WORK REQUEST> Please return every line of the records that contains the word "auto".

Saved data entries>
☆ ☆ ☆ ☆ ☆ ☆ ☆
(* For $r\ge2$, let $H(r)$ be the graph constructed from two disjoint copies of $K_{r+2}$ by adding a matching of $r$ edges, each joining a vertex of the first copy to a vertex of the second copy. Then $\mathrm{Z}_-(H(r))=r$, $\overline{\mathrm{Z}}_-(H(r))=r+1$, and $z^-_0(H(r))=2r=\overline{\mathrm{Z}}_-(H(r))+r-1$.
   Context: All graphs are finite, simple, undirected. Skew color change rule: with $W$ the set of white (non-blue) vertices, any vertex $u$ (blue or white) may color a white vertex $w$ blue if $N(u)\cap W=\{w\}$. $S$ is a skew forcing set if starting with exactly $S$ blue and applying the rule repeatedly, all vertices become blue. $\mathrm{Z}_-(G)$ is the minimum cardinality of a skew forcing set and $\overline{\mathrm{Z}}_-(G)$ the maximum cardinality of an inclusion-minimal skew forcing set. $\mathfrak{Z}^-(G)$ has as vertices the skew forcing sets, with $S_1S_2$ an edge iff $|S_1\ominus S_2|=1$; $\mathfrak{Z}^-_k(G)$ is its subgraph induced by skew forcing sets of size at most $k$. $z^-_0(G)$ is the least $k_0$ such that $\mathfrak{Z}^-_k(G)$ is connected for all $k\ge k_0$. *)

theory Defs
  imports Main
begin

text \<open>A finite simple graph is given by a vertex set V and a symmetric irreflexive
  adjacency relation E (only its restriction to V matters).\<close>

definition nbhd :: "'a set \<Rightarrow> ('a \<Rightarrow> 'a \<Rightarrow> bool) \<Rightarrow> 'a \<Rightarrow> 'a set" where
  "nbhd V E u = {x \<in> V. E u x}"

text \<open>One application of the skew color change rule: with white set W = V - B,
  any vertex u (blue or white) with N(u) \<inter> W = {w} colors w blue.\<close>
definition skew_step :: "'a set \<Rightarrow> ('a \<Rightarrow> 'a \<Rightarrow> bool) \<Rightarrow> 'a set \<Rightarrow> 'a set \<Rightarrow> bool" where
  "skew_step V E B B' \<longleftrightarrow>
     (\<exists>u\<in>V. \<exists>w\<in>V - B. nbhd V E u \<inter> (V - B) = {w} \<and> B' = insert w B)"
lemma is_inverse_exists_if_injective:
  fixes A :: "nat \<Rightarrow> nat \<Rightarrow> complex"
  assumes inj: "\<And>x. \<forall>i<n. (\<Sum>k<n. A i k * x k) = 0 \<Longrightarrow> \<forall>i<n. x i = 0"
  shows "\<exists>B. is_inverse A B n"
proof -
  define M where "M = mat n n (\<lambda>(i,j). A i j)"
  have M: "M \<in> carrier_mat n n" unfolding M_def by simp
  have "det M \<noteq> 0"
  proof
    assume "det M = 0"
    then obtain v where v: "v \<in> carrier_vec n" "v \<noteq> 0\<^sub>v n" "M *\<^sub>v v = 0\<^sub>v n"
      using det_0_iff_vec_prod_zero_field[OF M] by auto
    have "(\<Sum>k<n. A i k * v $ k) = 0" if i: "i < n" for i
    proof -
      have "(M *\<^sub>v v) $ i = 0" using v(3) i by simp
      thus ?thesis using i v(1) by (simp add: M_def mult_mat_vec_def scalar_prod_def lessThan_atLeast0)
    qed
    then have "v = 0\<^sub>v n" using inj v(1) by (intro eq_vecI) auto
    with v(2) show False by simp
  qed
  from det_non_zero_imp_unit[OF M this, of "()"]
  obtain P where P: "P \<in> carrier_mat n n" "P * M = 1\<^sub>m n" "M * P = 1\<^sub>m n"
    unfolding Units_def ring_mat_def by auto
  have "is_inverse A (\<lambda>i j. P $$ (i, j)) n" unfolding is_inverse_def
  proof (intro conjI allI impI)
    fix i j assume i: "i < n" and j: "j < n"
    have "(M * P) $$ (i,j) = 1\<^sub>m n $$ (i,j)" using P by simp
    thus "(\<Sum>k<n. A i k * P $$ (k, j)) = (if i = j then 1 else 0)"
      using i j P(1) by (simp add: M_def scalar_prod_def lessThan_atLeast0 row_def col_def)
    have "(P * M) $$ (i,j) = 1\<^sub>m n $$ (i,j)" using P by simp
    thus "(\<Sum>k<n. P $$ (i, k) * A k j) = (if i = j then 1 else 0)"
      using i j P(1) by (simp add: M_def scalar_prod_def lessThan_atLeast0 row_def col_def)
  qed
  then show ?thesis by blast
qed
lemma weighted_hardy_estimate:
  assumes sol: "weak_solution p w g u Du" and stab: "stable p w g u Du"
    and M: "M > 0" "\<And>x. u x \<le> M"
    and coercive: "M * (p - 1) * ((a + 2) / 2)\<^sup>2 < - (a + 1)"
  obtains K where "K > 0"
    and "\<And>\<psi> D\<psi>. C1c_grad \<psi> D\<psi> \<Longrightarrow> (\<And>x. \<psi> x \<ge> 0) \<Longrightarrow>
      (\<integral>x. g x * u x powr a * \<psi> x powr p \<partial>lebesgue) \<le> K * test_p_energy (a + p) D\<psi>"
proof -
  obtain K where "K > 0" and bound: "\<And>A B C' C E1 E2. A \<ge> 0 \<Longrightarrow> C \<ge> 0 \<Longrightarrow>
      (a + 1) * A + 2 * B = - E1 \<Longrightarrow> E1 \<le> M * E2 \<Longrightarrow>
      E2 \<le> (p - 1) * (((a + 2) / 2)\<^sup>2 * A + (a + 2) * B + C') \<Longrightarrow>
      (\<And>\<eta>. \<eta> > 0 \<Longrightarrow> \<bar>B\<bar> \<le> p / 2 * (\<eta> * A + \<eta> powr (1 - p) * C)) \<Longrightarrow>
      (\<And>\<eta>. \<eta> > 0 \<Longrightarrow> C' \<le> (p / 2)\<^sup>2 * (\<eta>\<^sup>2 * A + \<eta> powr (2 - p) * C)) \<Longrightarrow>
      E2 \<le> K * C"
    using absorption[OF p_ge_2 M(1) coercive] by blast
  show thesis
  proof (rule that[OF \<open>K > 0\<close>])
    fix \<psi> :: "real^'n \<Rightarrow> real" and D\<psi> :: "real^'n \<Rightarrow> real^'n"
    assume \<psi>: "C1c_grad \<psi> D\<psi>" "\<And>x. \<psi> x \<ge> 0"
    define \<theta> where "\<theta> = (\<lambda>x. \<psi> x powr (p / 2))"
    define D\<theta> where "D\<theta> = (\<lambda>x. (p / 2 * pw (\<psi> x) (p / 2 - 1)) *\<^sub>R D\<psi> x)"
    have \<theta>: "C1c_grad \<theta> D\<theta>" "\<And>x. \<theta> x \<ge> 0"
      unfolding \<theta>_def D\<theta>_def using C1c_grad_powr_nonneg[OF \<psi>, of "p / 2"] p_ge_2 by auto
    have "(\<integral>x. g x * u x powr a * \<psi> x powr p \<partial>lebesgue) \<le> source_energy a \<theta>"
      using source_energy_ge[OF \<psi>] by (simp add: \<theta>_def)
    also have "\<dots> \<le> K * test_p_energy (a + p) D\<psi>"
    proof (rule bound)
      show "(a + 1) * grad_energy a \<theta> + 2 * cross_energy a \<theta> D\<theta> = - source_energy (a + 1) \<theta>"
        by (rule weak_solution_tested[OF sol \<theta>(1)])
      show "source_energy (a + 1) \<theta> \<le> M * source_energy a \<theta>"
        by (rule source_energy_shift_le[OF \<theta>(1) M(2)])
      show "source_energy a \<theta> \<le> (p - 1) * (((a + 2) / 2)\<^sup>2 * grad_energy a \<theta>
          + (a + 2) * cross_energy a \<theta> D\<theta> + test_energy a D\<theta>)"
        by (rule stability_tested[OF stab \<theta>])
    qed (use grad_energy_nonneg test_p_energy_nonneg cross_energy_young[OF \<psi>] test_energy_young[OF \<psi>]
      in \<open>auto simp: \<theta>_def D\<theta>_def\<close>)
    finally show "(\<integral>x. g x * u x powr a * \<psi> x powr p \<partial>lebesgue) \<le> K * test_p_energy (a + p) D\<psi>" .
  qed
qed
☆ ☆ ☆ ☆ ☆ ☆ ☆
EXERCISE ANSWER>
      using det_0_iff_vec_prod_zero_field[OF M] by auto
    then have "v = 0\<^sub>v n" using inj v(1) by (intro eq_vecI) auto
    unfolding Units_def ring_mat_def by auto
      unfolding \<theta>_def D\<theta>_def using C1c_grad_powr_nonneg[OF \<psi>, of "p / 2"] p_ge_2 by auto
      in \<open>auto simp: \<theta>_def D\<theta>_def\<close>)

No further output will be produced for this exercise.